Boris went upstairs into his room and was obliged to take the batteries out of the smoke detector to put them in the radio, because there was no power. The radio played Fleetwood Mac. He went into his closet with the flashlight he kept by his bed and looked up at the newspaper-wrapped package duct-taped to the ceiling for a few minutes, and then he sat down on the floor and looked at it some more, and then he thought about taking one of the green pills, though that exact thing had nearly killed him eighteen hours previous. Maybe swallowing it would be different and it would just take this away. The reason those kind of pills existed was to take pain away! Specifically the pain of dying people which was what he was! A dying person — yes, he almost said aloud, everyone who lives is technically a dying person, but I specifically am actively dying. Living does not feel like this! 

He got his desk chair and shoved it into the closet and stood on it and reached up straining with the tips of his fingers (not even sure how he had gotten it up there, anyway, months ago, force of will, maybe, power of desperation) and touched the rise at the edge of the duct tape which was the corner of the painting. 

Eventually he lay down in his bed and closed his eyes but couldn’t sleep. Dreams moved over him like storms for a couple hours until at last he came around just past midnight abruptly like he’d been struck, clutching his pillow tightly against him, ribs aching. The moon was in the room with him like another person, and logically he understood this wasn’t the worst, probably wouldn’t be the worst, provided he lived much longer, which was starting to feel unlikely, but he could not remember being lonelier. 

\---

\--

-

** II.  **

The light was moving over him. Then faces. “Hey, kid,” someone said. 
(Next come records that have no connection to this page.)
lemma mono_on_of_mono_on_div_zeta:
  fixes rho :: "real \<Rightarrow> real"
  assumes "0 \<le> a" "b < 1" "\<forall>t\<in>{a..b}. 0 \<le> rho t" "mono_on {a..b} (\<lambda>t. rho t / zeta t)"
  shows "mono_on {a..b} rho"
proof (rule mono_onI)
  fix s t assume st: "s \<in> {a..b}" "t \<in> {a..b}" "s \<le> t"
  then have "0 < zeta s" "0 < zeta t" using assms by (auto intro!: zeta_pos)
  have "rho s = rho s / zeta s * zeta s" using \<open>0 < zeta s\<close> by simp
  also have "\<dots> \<le> rho t / zeta t * zeta s"
    using mono_onD[OF assms(4) st] \<open>0 < zeta s\<close> by (intro mult_right_mono) auto
  also have "\<dots> \<le> rho t / zeta t * zeta t"
    using st assms \<open>0 < zeta t\<close> by (intro mult_left_mono zeta_mono) auto
  also have "\<dots> = rho t" using \<open>0 < zeta t\<close> by simp
  finally show "rho s \<le> rho t" .
qed

lemma Inf_Sup_div_zeta:
  fixes rho :: "real \<Rightarrow> real"
  assumes "mono_on {a..b} (\<lambda>t. rho t / zeta t)" "\<forall>t\<in>{a..b}. 0 \<le> rho t" "-1 < a" "a < b" "b < 1"
  defines "qa \<equiv> Inf ((\<lambda>t. rho t / zeta t) ` {a<..b})"
    and "qb \<equiv> Sup ((\<lambda>t. rho t / zeta t) ` {a..<b})"
  shows "0 \<le> qa" "qa \<le> qb" "\<forall>t\<in>{a..<b}. rho t \<le> qb * zeta t"
    and "qb = 0 \<longleftrightarrow> (\<forall>t\<in>{a..<b}. rho t = 0)"
proof -
  define Q where "Q t = rho t / zeta t" for t
  have zeta_pos': "0 < zeta t" if "t \<in> {a..b}" for t
    using that assms by (intro zeta_pos) auto
  have Q_mono: "Q s \<le> Q t" if "s \<in> {a..b}" "t \<in> {a..b}" "s \<le> t" for s t
    using mono_onD[OF assms(1) that] unfolding Q_def .
  have Q_nonneg: "0 \<le> Q t" if "t \<in> {a..b}" for t
    using that assms(2) zeta_pos'[OF that] unfolding Q_def by simp
  have Q_le: "Q t \<le> qb" if "t \<in> {a..<b}" for t
    unfolding qb_def Q_def[symmetric] using that assms Q_mono
    by (intro cSup_upper bdd_aboveI2[of _ _ "Q b"]) auto
  have le_Q: "qa \<le> Q t" if "t \<in> {a<..b}" for t
    unfolding qa_def Q_def[symmetric] using that assms Q_mono
    by (intro cInf_lower bdd_belowI2[of _ "Q a"]) auto
  show "0 \<le> qa" unfolding qa_def Q_def[symmetric] using assms Q_nonneg by (intro cInf_greatest) auto
  show "qa \<le> qb" using le_Q[of "(a + b) / 2"] Q_le[of "(a + b) / 2"] assms by auto
  show rho_le: "\<forall>t\<in>{a..<b}. rho t \<le> qb * zeta t"
  proof
    fix t assume t: "t \<in> {a..<b}"
    then have "0 < zeta t" using zeta_pos' by simp
    then have "rho t = Q t * zeta t" unfolding Q_def by simp
    also have "\<dots> \<le> qb * zeta t" using Q_le[OF t] \<open>0 < zeta t\<close> by simp
    finally show "rho t \<le> qb * zeta t" .
  qed
  show "qb = 0 \<longleftrightarrow> (\<forall>t\<in>{a..<b}. rho t = 0)"
  proof
    assume "qb = 0"
    then show "\<forall>t\<in>{a..<b}. rho t = 0" using rho_le assms(2) by force
  next
    assume "\<forall>t\<in>{a..<b}. rho t = 0"
    then have "(\<lambda>t. rho t / zeta t) ` {a..<b} = {0}" using assms by auto
    then show "qb = 0" unfolding qb_def by simp
  qed
qed

lemma rho_tilde_sum_eq:
  fixes rho :: "real \<Rightarrow> real"
  assumes "mono_on {a..b} (\<lambda>t. rho t / zeta t)" "-1 < a" "a < b" "b < 1"
  shows "2 + a * rho_tilde_right rho a + b * rho_tilde_left rho b
           = zeta a + zeta b - 2 + Sup ((\<lambda>t. rho t / zeta t) ` {a..<b}) * (b * zeta b)
             + a * (Inf ((\<lambda>t. rho t / zeta t) ` {a<..b}) * zeta a)"
proof -
  have "a * (a * zeta a) = zeta a - 2" "b * (b * zeta b) = zeta b - 2"
    using assms power2_mult_zeta[of a] power2_mult_zeta[of b] by (simp_all add: power2_eq_square mult.assoc)
  then show ?thesis
    unfolding rho_tilde_left_def rho_tilde_right_def distrib_left
      Lim_at_left_eq_Sup[OF assms] Lim_at_right_eq_Inf[OF assms]
    by (simp add: mult_ac)
qed

theorem mainTheorem10:
  fixes rho :: "real \<Rightarrow> real" and a b :: real
  assumes "0 \<le> a" and "a < b" and "b < 1"
    and "\<forall>t\<in>{a..b}. 0 \<le> rho t"
    and "mono_on {a..b} (\<lambda>t. rho t / zeta t)"
    and "bounded ((\<lambda>t. rho t / zeta t) ` {a..b})"
  shows "(b * zeta b - a * zeta a) * mhat (\<lambda>t. rho t / zeta t) a b
           \<le> 2 + a * rho_tilde_right rho a + b * rho_tilde_left rho b
       \<and> ((b * zeta b - a * zeta a) * mhat (\<lambda>t. rho t / zeta t) a b
           = 2 + a * rho_tilde_right rho a + b * rho_tilde_left rho b
         \<longleftrightarrow> (\<forall>t\<in>{a..<b}. rho t = 0))"
proof -
  define qa qb where "qa = Inf ((\<lambda>t. rho t / zeta t) ` {a<..b})"
    and "qb = Sup ((\<lambda>t. rho t / zeta t) ` {a..<b})"
  have "-1 < a" using assms by simp
  note quotient = Inf_Sup_div_zeta[OF assms(5,4) this assms(2,3), folded qa_def qb_def]
  have rhs: "2 + a * rho_tilde_right rho a + b * rho_tilde_left rho b
      = zeta a + zeta b - 2 + qb * (b * zeta b) + a * (qa * zeta a)"
    unfolding qa_def qb_def using assms by (intro rho_tilde_sum_eq) auto
  have "rho integrable_on {a..b}"
    using assms by (intro integrable_on_mono_on mono_on_of_mono_on_div_zeta[OF assms(1,3,4,5)])
  note bound = mult_mhat_le[OF assms(1-4) this quotient(3)]
  show ?thesis
  proof (cases "qb = 0")
    case True
    with quotient have "qa = 0" "\<forall>t\<in>{a..<b}. rho t = 0" by auto
    with True show ?thesis unfolding rhs using mult_mhat_zero[OF assms(1-3)] by simp
  next
    case False
    with quotient(1,2) have "0 < qb" by simp
    moreover have "0 \<le> a * (qa * zeta a)" using assms quotient(1) zeta_pos[of a] by simp
    ultimately show ?thesis unfolding rhs using bound(2) quotient(4) False by fastforce
  qed
qed

end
There was some migraine-inducing mechanical wail coming from somewhere. “Pulse is okay,” said someone. Then somebody else pulled his eyelid open and put a shard of light directly into it. “Pupils still dilated.” The feeling of monumental goodness beyond the capabilities of human metaphor had dissolved into animal fear. He tried to reach up to tear the thing off his face that was on his face but his hands were held down. 

“Be still,” said the first person. It was a severe-looking woman with her hair pulled back in a tight chignon, like a ballet dancer. “You overdosed.” 

He strained his eyeballs toward the corner of his vision to see what was on his face and it was a greenish mask, like in movies. 

“It’s oxygen,” said the EMT. “It’s helping you breathe. Just breathe.” 

Cannot afford hospital, he tried to say into the mask. Cannot afford ambulance! Cannot afford to live most of all! 

Information repossessed his brain. This was Los Angeles. He was living with some people under a tarp on Skid Row or otherwise on the beach, when they could get there, near LAX. These drugs were supposed to be good. They had come from someone trustworthy, or such had been alleged. Despite Kotku’s brother’s advice all those years ago he had not given up going first. First precluded the imminent devastation of there being none left when it came around to you. Perhaps he should have been grateful that they had called an ambulance, though it was also likely they had taken all his money and everything else he had holy mother of god including — 

“Do you have identification?” said the EMT. 

He shook his head. 

“What’s your name?” 

“Theo Decker,” he said for some reason, trying to get up but it was moving everything was moving — 

The EMT looked up and over his head. “Keith, do we have — ” 

A monumental syringe was passed to her and went right into the bruise in his arm where the earlier needle had left a kind of fluorescent maroon rip. Then a different holy nothingness. 

\--

“Mr. Decker?” 

Boris looked up and cast his unruly vision all around the tiny white room desperately before he remembered he had given that name. Then he tried to erase himself into the bed. There was a nurse in the door who advanced on him, probably not meaning to seem like some kind of predatory cat. 

“Do you remember what happened,” she said. 

He nodded. She smiled kind of gently at him. Probably they were going to give him lots of pamphlets about Getting Clean none of which would explain how he was supposed to pay for this. 

“Do you remember what you took?” 

He shook his head. “My friends’ stuff.” 

“How old are you?” 

“Seventeen.” 

She smiled gently again. “I love your accent. Where are you from?” 

Nothing place Australia where they mine opals, where we lived underground because it was so hot. Ancestor-memory-place Odessa, Nome, Alberta tar fields, lately California… “Las Vegas,” he said. 

“Are you homeless now? How long?” 

She touched his wrist, and then she turned his arm over in the rough bleach-smelling blankets. He noticed that she telegraphed her movements with extreme obviousness so as not to spook him like a startled horse. This was probably Protocol for Dealing with an Abused Child and as such she likely suspected he been through some even worse shit than he had actually been through. He understood he had to somehow get her to keep believing it if he wanted to get out of here alive. What did they do to people who could not pay hospital bills in America? It seemed unlikely it could be worse than the way he was already living, but there had to be something worse. In America there was no bottom. Even after death in this country your loved ones were still on the hook for your debts! 

Somebody had taped a puffy cotton ball over the bruised blue vein in the ditch of his elbow to stop whatever bleeding, and the white swath appeared to leak the purply scratching tracks like ink. 

“Nine months,” he said to the nurse. 

“What about intravenous drugs,” asked the nurse, peeling off the tape inside his elbow. “How long have you been using drugs like this?” 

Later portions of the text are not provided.